MATERIAL SUPPLIED —

lemma B_essential_staircase:
  assumes A: "algebra F A" and B: "subuniverse F A B"
    and R: "subpower F A k R" and R_B: "R \<inter> tuples k B = {}"
    and W: "homogeneous_witnesses B k R r hs b1 b2"
  shows "B_essential B (length hs) (Sg_power F A (length hs)
           (staircase b1 (\<lambda>j. r (hs ! j) ! (hs ! j)) b2 (length hs) ` {0..<length hs}))"
proof -
  have r: "\<And>i. i < k \<Longrightarrow> r i \<in> R"
    and rB: "\<And>i j. i < k \<Longrightarrow> j < k \<Longrightarrow> j \<noteq> i \<Longrightarrow> r i ! j \<in> B"
    and hs: "sorted_wrt (<) hs" "set hs \<subseteq> {..<k}" and b: "b1 \<in> B" "b2 \<in> B"
    and hom: "\<And>x y. x \<in> set hs \<Longrightarrow> y \<in> set hs \<Longrightarrow> x < y \<Longrightarrow> r y ! x = b1 \<and> r x ! y = b2"
    using W unfolding homogeneous_witnesses_def by blast+
  let ?G = "staircase b1 (\<lambda>j. r (hs ! j) ! (hs ! j)) b2 (length hs) ` {0..<length hs}"
  have hs_less: "hs ! m < k" if "m < length hs" for m
    using hs(2) nth_mem[OF that] by blast
  have "r (hs ! m) \<in> {x \<in> R. \<forall>j<k. j \<notin> set hs \<longrightarrow> x ! j \<in> B}" if m: "m < length hs" for m
  proof -
    have "r (hs ! m) ! j \<in> B" if "j < k" "j \<notin> set hs" for j
    proof -
      have "j \<noteq> hs ! m"
        using that(2) nth_mem[OF m] by metis
      then show ?thesis
        using rB[OF hs_less[OF m] that(1)] by blast
    qed
    then show ?thesis
      using r[OF hs_less[OF m]] by blast
  qed
  then have "?G \<subseteq> (\<lambda>x. map ((!) x) hs) ` {x \<in> R. \<forall>j<k. j \<notin> set hs \<longrightarrow> x ! j \<in> B}"
    using staircase_eq_select[OF hs(1) hom] by auto
  moreover have "\<exists>g\<in>?G. drop_coord i g \<in> tuples (length hs - 1) B" if "i < length hs" for i
    using drop_coord_staircase[OF that b] that
    by (intro bexI[of _ "staircase b1 (\<lambda>j. r (hs ! j) ! (hs ! j)) b2 (length hs) i"]) auto
  ultimately show ?thesis
    by (rule B_essential_Sg_power_select[OF A B R R_B hs(2)])
qed

theorem lemma3p2:
  fixes F :: "'a ops" and A B :: "'a set"
  assumes "algebra F A" and "finite A" and "subuniverse F A B"
  shows "\<exists>f :: nat \<Rightarrow> nat. \<forall>N \<ge> 1.
           (\<exists>R. subpower F A (f N) R \<and> B_essential B (f N) R) \<longrightarrow>
           (\<exists>b1 \<in> B. \<exists>b2 \<in> B. \<exists>a :: nat \<Rightarrow> 'a. (\<forall>j<N. a j \<in> A) \<and>
              B_essential B N
                (Sg_power F A N
                  ((\<lambda>i. map (\<lambda>j. if j < i then b1 else if j = i then a j else b2) [0..<N])
                     ` {0..<N})))"
proof -
  have "finite B"
    using assms(2,3) finite_subset unfolding subuniverse_def by blast
  then obtain M :: "nat \<Rightarrow> nat" where M: "\<And>N k R. M N \<le> k \<Longrightarrow> B_essential B k R \<Longrightarrow>
      R \<subseteq> tuples k A \<Longrightarrow> \<exists>r hs b1 b2. homogeneous_witnesses B k R r hs b1 b2 \<and> length hs = N"
    using B_essential_homogeneous_witnesses[where A = A] by blast
  have "\<exists>b1 \<in> B. \<exists>b2 \<in> B. \<exists>a. (\<forall>j<N. a j \<in> A) \<and>
          B_essential B N (Sg_power F A N (staircase b1 a b2 N ` {0..<N}))"
    if R: "subpower F A (M N) R" "B_essential B (M N) R" for N R
  proof -
    obtain r hs b1 b2 where W: "homogeneous_witnesses B (M N) R r hs b1 b2" and N: "length hs = N"
      using M[OF order_refl R(2) subpower_subset_tuples[OF R(1)]] by blast
    have hs: "set hs \<subseteq> {..<M N}" and r: "\<forall>i<M N. r i \<in> R" and b: "b1 \<in> B" "b2 \<in> B"
      using W by (simp_all add: homogeneous_witnesses_def)
    have "r (hs ! j) ! (hs ! j) \<in> A" if "j < N" for j
    proof -
      have "hs ! j \<in> set hs"
        using N that by simp
      then have "hs ! j < M N"
        using hs by blast
      then show ?thesis
        using r subpower_subset_tuples[OF R(1)] nth_in_tuples by blast
    qed
    moreover have "R \<inter> tuples (M N) B = {}"
      using R(2) by (simp add: B_essential_def)
    then have "B_essential B N (Sg_power F A N
                 (staircase b1 (\<lambda>j. r (hs ! j) ! (hs ! j)) b2 N ` {0..<N}))"
      using B_essential_staircase[OF assms(1,3) R(1) _ W] N by simp
    ultimately show ?thesis
      by (intro bexI[OF _ b(1)] bexI[OF _ b(2)] exI[of _ "\<lambda>j. r (hs ! j) ! (hs ! j)"]) auto
  qed
  then show ?thesis
    unfolding staircase_def by blast
qed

DIRECTIONS —
Copy the records above, keeping every word the same.

SOLUTION —
lemma B_essential_staircase:
  assumes A: "algebra F A" and B: "subuniverse F A B"
    and R: "subpower F A k R" and R_B: "R \<inter> tuples k B = {}"
    and W: "homogeneous_witnesses B k R r hs b1 b2"
  shows "B_essential B (length hs) (Sg_power F A (length hs)
           (staircase b1 (\<lambda>j. r (hs ! j) ! (hs ! j)) b2 (length hs) ` {0..<length hs}))"
proof -
  have r: "\<And>i. i < k \<Longrightarrow> r i \<in> R"
    and rB: "\<And>i j. i < k \<Longrightarrow> j < k \<Longrightarrow> j \<noteq> i \<Longrightarrow> r i ! j \<in> B"
    and hs: "sorted_wrt (<) hs" "set hs \<subseteq> {..<k}" and b: "b1 \<in> B" "b2 \<in> B"
    and hom: "\<And>x y. x \<in> set hs \<Longrightarrow> y \<in> set hs \<Longrightarrow> x < y \<Longrightarrow> r y ! x = b1 \<and> r x ! y = b2"
    using W unfolding homogeneous_witnesses_def by blast+
  let ?G = "staircase b1 (\<lambda>j. r (hs ! j) ! (hs ! j)) b2 (length hs) ` {0..<length hs}"
  have hs_less: "hs ! m < k" if "m < length hs" for m
    using hs(2) nth_mem[OF that] by blast
  have "r (hs ! m) \<in> {x \<in> R. \<forall>j<k. j \<notin> set hs \<longrightarrow> x ! j \<in> B}" if m: "m < length hs" for m
  proof -
    have "r (hs ! m) ! j \<in> B" if "j < k" "j \<notin> set hs" for j
    proof -
      have "j \<noteq> hs ! m"
        using that(2) nth_mem[OF m] by metis
      then show ?thesis
        using rB[OF hs_less[OF m] that(1)] by blast
    qed
    then show ?thesis
      using r[OF hs_less[OF m]] by blast
  qed
  then have "?G \<subseteq> (\<lambda>x. map ((!) x) hs) ` {x \<in> R. \<forall>j<k. j \<notin> set hs \<longrightarrow> x ! j \<in> B}"
    using staircase_eq_select[OF hs(1) hom] by auto
  moreover have "\<exists>g\<in>?G. drop_coord i g \<in> tuples (length hs - 1) B" if "i < length hs" for i
    using drop_coord_staircase[OF that b] that
    by (intro bexI[of _ "staircase b1 (\<lambda>j. r (hs ! j) ! (hs ! j)) b2 (length hs) i"]) auto
  ultimately show ?thesis
    by (rule B_essential_Sg_power_select[OF A B R R_B hs(2)])
qed

theorem lemma3p2:
  fixes F :: "'a ops" and A B :: "'a set"
  assumes "algebra F A" and "finite A" and "subuniverse F A B"
  shows "\<exists>f :: nat \<Rightarrow> nat. \<forall>N \<ge> 1.
           (\<exists>R. subpower F A (f N) R \<and> B_essential B (f N) R) \<longrightarrow>
           (\<exists>b1 \<in> B. \<exists>b2 \<in> B. \<exists>a :: nat \<Rightarrow> 'a. (\<forall>j<N. a j \<in> A) \<and>
              B_essential B N
                (Sg_power F A N
                  ((\<lambda>i. map (\<lambda>j. if j < i then b1 else if j = i then a j else b2) [0..<N])
                     ` {0..<N})))"
proof -
  have "finite B"
    using assms(2,3) finite_subset unfolding subuniverse_def by blast
  then obtain M :: "nat \<Rightarrow> nat" where M: "\<And>N k R. M N \<le> k \<Longrightarrow> B_essential B k R \<Longrightarrow>
      R \<subseteq> tuples k A \<Longrightarrow> \<exists>r hs b1 b2. homogeneous_witnesses B k R r hs b1 b2 \<and> length hs = N"
    using B_essential_homogeneous_witnesses[where A = A] by blast
  have "\<exists>b1 \<in> B. \<exists>b2 \<in> B. \<exists>a. (\<forall>j<N. a j \<in> A) \<and>
          B_essential B N (Sg_power F A N (staircase b1 a b2 N ` {0..<N}))"
    if R: "subpower F A (M N) R" "B_essential B (M N) R" for N R
  proof -
    obtain r hs b1 b2 where W: "homogeneous_witnesses B (M N) R r hs b1 b2" and N: "length hs = N"
      using M[OF order_refl R(2) subpower_subset_tuples[OF R(1)]] by blast
    have hs: "set hs \<subseteq> {..<M N}" and r: "\<forall>i<M N. r i \<in> R" and b: "b1 \<in> B" "b2 \<in> B"
      using W by (simp_all add: homogeneous_witnesses_def)
    have "r (hs ! j) ! (hs ! j) \<in> A" if "j < N" for j
    proof -
      have "hs ! j \<in> set hs"
        using N that by simp
      then have "hs ! j < M N"
        using hs by blast
      then show ?thesis
        using r subpower_subset_tuples[OF R(1)] nth_in_tuples by blast
    qed
    moreover have "R \<inter> tuples (M N) B = {}"
      using R(2) by (simp add: B_essential_def)
    then have "B_essential B N (Sg_power F A N
                 (staircase b1 (\<lambda>j. r (hs ! j) ! (hs ! j)) b2 N ` {0..<N}))"
      using B_essential_staircase[OF assms(1,3) R(1) _ W] N by simp
    ultimately show ?thesis
      by (intro bexI[OF _ b(1)] bexI[OF _ b(2)] exI[of _ "\<lambda>j. r (hs ! j) ! (hs ! j)"]) auto
  qed
  then show ?thesis
    unfolding staircase_def by blast
qed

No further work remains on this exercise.